(Records for processing Opens)

(* Let $Q=(G\leftleftarrows A)$ be a group-like graph. Then the bialgebra $(\mathbf k[A]\xrightarrow{\phi}\mathbf k[G])$ in $\mathcal{LM}$ (with $\phi(a)=t(a)-s(a)$, bimodule structure from the two-sided $G$-action on $A$, $\Delta_0(g)=g\otimes g$, $\Delta_1(a)=a\otimes t(a)+s(a)\otimes a$) is a Hopf algebra in $\mathcal{LM}$, with antipode given by $S_0(g)=g^{-1}$ on $\mathbf k[G]$ and $S_1(a)=-s(a)^{-1}\cdot a\cdot t(a)^{-1}$ on $\mathbf k[A]$.
   Context: A group-like graph is a directed graph $(G\overset{s}{\underset{t}{\leftleftarrows}}A)$ with an associative morphism $\mu$ from its Cartesian square (vertices $G\times G$, arrows $A\times G\sqcup G\times A$) to itself, such that the induced semigroup structure on $G$ is a group; $\mu$ gives left and right actions of $G$ on $A$ compatible with $s,t$ (e.g. $s(g\cdot a)=gs(a)$, $t(a\cdot g)=t(a)g$). Over a field $\mathbf k$ of characteristic $0$, the category $\mathcal{LM}$ has objects linear maps $U\to V$ and tensor product $(U\xrightarrow{f}V)\otimes(U'\xrightarrow{f'}V')=(U\otimes V'+V\otimes U'\to V\otimes V')$. A bialgebra in $\mathcal{LM}$ is $(\mathcal A\xrightarrow{f}\mathcal H)$ with $\mathcal H$ a bialgebra (coproduct $\Delta_0$), $\mathcal A$ an $\mathcal H$-bimodule, $f$ a bimodule map, and a bimodule map $\Delta_1:\mathcal A\to\mathcal A\otimes\mathcal H+\mathcal H\otimes\mathcal A$ with $\Delta_0 f=(f\otimes\mathrm{Id}+\mathrm{Id}\otimes f)\Delta_1$. It is a Hopf algebra if there are an antipode $S_0$ of $\mathcal H$ and a linear map $S_1:\mathcal A\to\mathcal A$ with $f S_1=S_0 f$ such that $\mu\circ(S_1\otimes\mathrm{Id}_{\mathcal H}+S_0\otimes\mathrm{Id}_{\mathcal A})\circ\Delta_1=\mu\circ(\mathrm{Id}_{\mathcal A}\otimes S_0+\mathrm{Id}_{\mathcal H}\otimes S_1)\circ\Delta_1=0$, where $\mu$ denotes the bimodule actions $\mathcal A\otimes\mathcal H+\mathcal H\otimes\mathcal A\to\mathcal A$. *)

theory Defs
  imports Main "HOL-Library.Poly_Mapping"
begin
lemma householder_deflation:
  fixes A :: "real mat"
  assumes A: "A \<in> carrier_mat (Suc m) (Suc m)" "transpose_mat A = A"
    and u: "u \<in> carrier_vec (Suc m)" "u \<bullet> u = 1" "A *\<^sub>v u = e \<cdot>\<^sub>v u"
  defines "H \<equiv> householder (Suc m) (u - unit_vec (Suc m) 0)"
  obtains A3 where "A3 \<in> carrier_mat m m" "transpose_mat A3 = A3"
    "H * A * H = four_block_mat (mat 1 1 (\<lambda>_. e)) (0\<^sub>m 1 m) (0\<^sub>m m 1) A3"
proof -
  let ?n = "Suc m"
  have H: "H \<in> carrier_mat ?n ?n" "transpose_mat H = H" "H * H = 1\<^sub>m ?n"
    using u(1) by (simp_all add: H_def householder_involution)
  have He: "H *\<^sub>v unit_vec ?n 0 = u"
    unfolding H_def by (rule householder_unit_vec_0[OF u(1,2)]) simp
  have "H *\<^sub>v u = (H * H) *\<^sub>v unit_vec ?n 0"
    using H(1) by (simp add: He[symmetric])
  then have Hu: "H *\<^sub>v u = unit_vec ?n 0"
    unfolding H(3) by simp
  define A' where "A' = H * A * H"
  have A': "A' \<in> carrier_mat ?n ?n" using H A by (simp add: A'_def)
  have sym: "transpose_mat A' = A'"
  proof -
    have "transpose_mat A' = transpose_mat H * transpose_mat (H * A)"
      unfolding A'_def by (rule transpose_mult[of _ ?n ?n]) (use H A in auto)
    also have "transpose_mat (H * A) = transpose_mat A * transpose_mat H"
      by (rule transpose_mult[of _ ?n ?n]) (use H A in auto)
    finally show ?thesis using H A by (simp add: A'_def)
  qed
  txt \<open>H swaps u and the first unit vector, so the latter is an eigenvector of H A H;
    by symmetry the first row and column of H A H vanish off the diagonal.\<close>
  have "A' *\<^sub>v unit_vec ?n 0 = e \<cdot>\<^sub>v unit_vec ?n 0"
    using H A u by (simp add: A'_def assoc_mult_mat_vec[of _ ?n ?n _ ?n] He Hu mult_mat_vec)
  then have col_eq: "col A' 0 = e \<cdot>\<^sub>v unit_vec ?n 0"
    using mult_mat_vec_unit_vec[OF A', of 0] by simp
  have col0: "A' $$ (i,0) = (if i = 0 then e else 0)" if "i < ?n" for i
    using arg_cong[OF col_eq, of "\<lambda>v. v $ i"] A' that by simp
  have index_sym: "A' $$ (i,j) = A' $$ (j,i)" if "i < ?n" "j < ?n" for i j
    using arg_cong[OF sym, of "\<lambda>M. M $$ (i,j)"] A' that by simp
  have row0: "A' $$ (0,j) = (if j = 0 then e else 0)" if "j < ?n" for j
    using col0[OF that] index_sym[OF _ that] by simp
  define A3 where "A3 = mat m m (\<lambda>(i,j). A' $$ (Suc i, Suc j))"
  have sym3: "transpose_mat A3 = A3"
    using index_sym by (intro eq_matI) (auto simp: A3_def)
  have block: "A' = four_block_mat (mat 1 1 (\<lambda>_. e)) (0\<^sub>m 1 m) (0\<^sub>m m 1) A3"
  proof (rule eq_matI)
    fix i j assume "i < dim_row (four_block_mat (mat 1 1 (\<lambda>_. e)) (0\<^sub>m 1 m) (0\<^sub>m m 1) A3)"
      "j < dim_col (four_block_mat (mat 1 1 (\<lambda>_. e)) (0\<^sub>m 1 m) (0\<^sub>m m 1) A3)"
    then have "i < ?n" "j < ?n" by (auto simp: A3_def)
    then show "A' $$ (i, j) = four_block_mat (mat 1 1 (\<lambda>_. e)) (0\<^sub>m 1 m) (0\<^sub>m m 1) A3 $$ (i, j)"
      using row0 col0 by (cases i; cases j) (auto simp: A3_def)
  qed (use A' in \<open>auto simp: A3_def\<close>)
  show thesis
    by (rule that[OF _ sym3 block[unfolded A'_def]]) (simp add: A3_def)
qed

section \<open>Orthogonal diagonalization of real symmetric matrices\<close>

lemma orthogonal_congruence_mult:
  fixes P Q :: "'a :: comm_ring_1 mat"
  assumes P: "P \<in> carrier_mat n n" "transpose_mat P * P = 1\<^sub>m n"
    and Q: "Q \<in> carrier_mat n n" "transpose_mat Q * Q = 1\<^sub>m n"
    and A: "A \<in> carrier_mat n n"
  shows "transpose_mat (P * Q) * (P * Q) = 1\<^sub>m n"
    and "transpose_mat (P * Q) * A * (P * Q) = transpose_mat Q * (transpose_mat P * A * P) * Q"
proof -
  have T: "transpose_mat (P * Q) = transpose_mat Q * transpose_mat P"
    using P Q by (simp add: transpose_mult[of _ n n])
  have "transpose_mat P * (P * Q) = Q"
    by (subst assoc_mult_mat[symmetric, of _ n n _ n _ n]) (use P Q in auto)
  then show "transpose_mat (P * Q) * (P * Q) = 1\<^sub>m n"
    unfolding T by (subst assoc_mult_mat[of _ n n _ n _ n]) (use P Q \<open>transpose_mat P * (P * Q) = Q\<close> in auto)
  show "transpose_mat (P * Q) * A * (P * Q) = transpose_mat Q * (transpose_mat P * A * P) * Q"
    using P Q A unfolding T by (simp add: assoc_mult_mat[of _ n n _ n _ n])
qed

lemma orthogonal_congruence_four_block:
  fixes U :: "'a :: comm_ring_1 mat"
  assumes U: "U \<in> carrier_mat m m" "transpose_mat U * U = 1\<^sub>m m"
    and A: "A \<in> carrier_mat m m" and a: "a \<in> carrier_mat 1 1"
  defines "B \<equiv> four_block_mat (1\<^sub>m 1) (0\<^sub>m 1 m) (0\<^sub>m m 1) U"
  shows "transpose_mat B * B = 1\<^sub>m (Suc m)"
    and "transpose_mat B * four_block_mat a (0\<^sub>m 1 m) (0\<^sub>m m 1) A * B
      = four_block_mat a (0\<^sub>m 1 m) (0\<^sub>m m 1) (transpose_mat U * A * U)"
proof -
  have T: "transpose_mat B = four_block_mat (1\<^sub>m 1) (0\<^sub>m 1 m) (0\<^sub>m m 1) (transpose_mat U)"
    unfolding B_def by (subst transpose_four_block_mat[of _ 1 1 _ m _ m]) (use U in auto)
  show "transpose_mat B * B = 1\<^sub>m (Suc m)"
    unfolding T unfolding B_def
    by (subst mult_four_block_mat[of _ 1 1 _ m _ m]) (use U in auto)
  show "transpose_mat B * four_block_mat a (0\<^sub>m 1 m) (0\<^sub>m m 1) A * B
      = four_block_mat a (0\<^sub>m 1 m) (0\<^sub>m m 1) (transpose_mat U * A * U)"
    unfolding T unfolding B_def using U A a
    by (subst mult_four_block_mat[of _ 1 1 _ m _ m], auto,
        subst mult_four_block_mat[of _ 1 1 _ m _ m], auto)
qed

(Records for processing Closes)

#### What you need to do
Please transcribe only the lines in the records above running from the line that has "Context: A group-like" through the line that has "obtains A3 where", both included, exactly as they appear.

#### Task result
   Context: A group-like graph is a directed graph $(G\overset{s}{\underset{t}{\leftleftarrows}}A)$ with an associative morphism $\mu$ from its Cartesian square (vertices $G\times G$, arrows $A\times G\sqcup G\times A$) to itself, such that the induced semigroup structure on $G$ is a group; $\mu$ gives left and right actions of $G$ on $A$ compatible with $s,t$ (e.g. $s(g\cdot a)=gs(a)$, $t(a\cdot g)=t(a)g$). Over a field $\mathbf k$ of characteristic $0$, the category $\mathcal{LM}$ has objects linear maps $U\to V$ and tensor product $(U\xrightarrow{f}V)\otimes(U'\xrightarrow{f'}V')=(U\otimes V'+V\otimes U'\to V\otimes V')$. A bialgebra in $\mathcal{LM}$ is $(\mathcal A\xrightarrow{f}\mathcal H)$ with $\mathcal H$ a bialgebra (coproduct $\Delta_0$), $\mathcal A$ an $\mathcal H$-bimodule, $f$ a bimodule map, and a bimodule map $\Delta_1:\mathcal A\to\mathcal A\otimes\mathcal H+\mathcal H\otimes\mathcal A$ with $\Delta_0 f=(f\otimes\mathrm{Id}+\mathrm{Id}\otimes f)\Delta_1$. It is a Hopf algebra if there are an antipode $S_0$ of $\mathcal H$ and a linear map $S_1:\mathcal A\to\mathcal A$ with $f S_1=S_0 f$ such that $\mu\circ(S_1\otimes\mathrm{Id}_{\mathcal H}+S_0\otimes\mathrm{Id}_{\mathcal A})\circ\Delta_1=\mu\circ(\mathrm{Id}_{\mathcal A}\otimes S_0+\mathrm{Id}_{\mathcal H}\otimes S_1)\circ\Delta_1=0$, where $\mu$ denotes the bimodule actions $\mathcal A\otimes\mathcal H+\mathcal H\otimes\mathcal A\to\mathcal A$. *)

theory Defs
  imports Main "HOL-Library.Poly_Mapping"
begin
lemma householder_deflation:
  fixes A :: "real mat"
  assumes A: "A \<in> carrier_mat (Suc m) (Suc m)" "transpose_mat A = A"
    and u: "u \<in> carrier_vec (Suc m)" "u \<bullet> u = 1" "A *\<^sub>v u = e \<cdot>\<^sub>v u"
  defines "H \<equiv> householder (Suc m) (u - unit_vec (Suc m) 0)"
  obtains A3 where "A3 \<in> carrier_mat m m" "transpose_mat A3 = A3"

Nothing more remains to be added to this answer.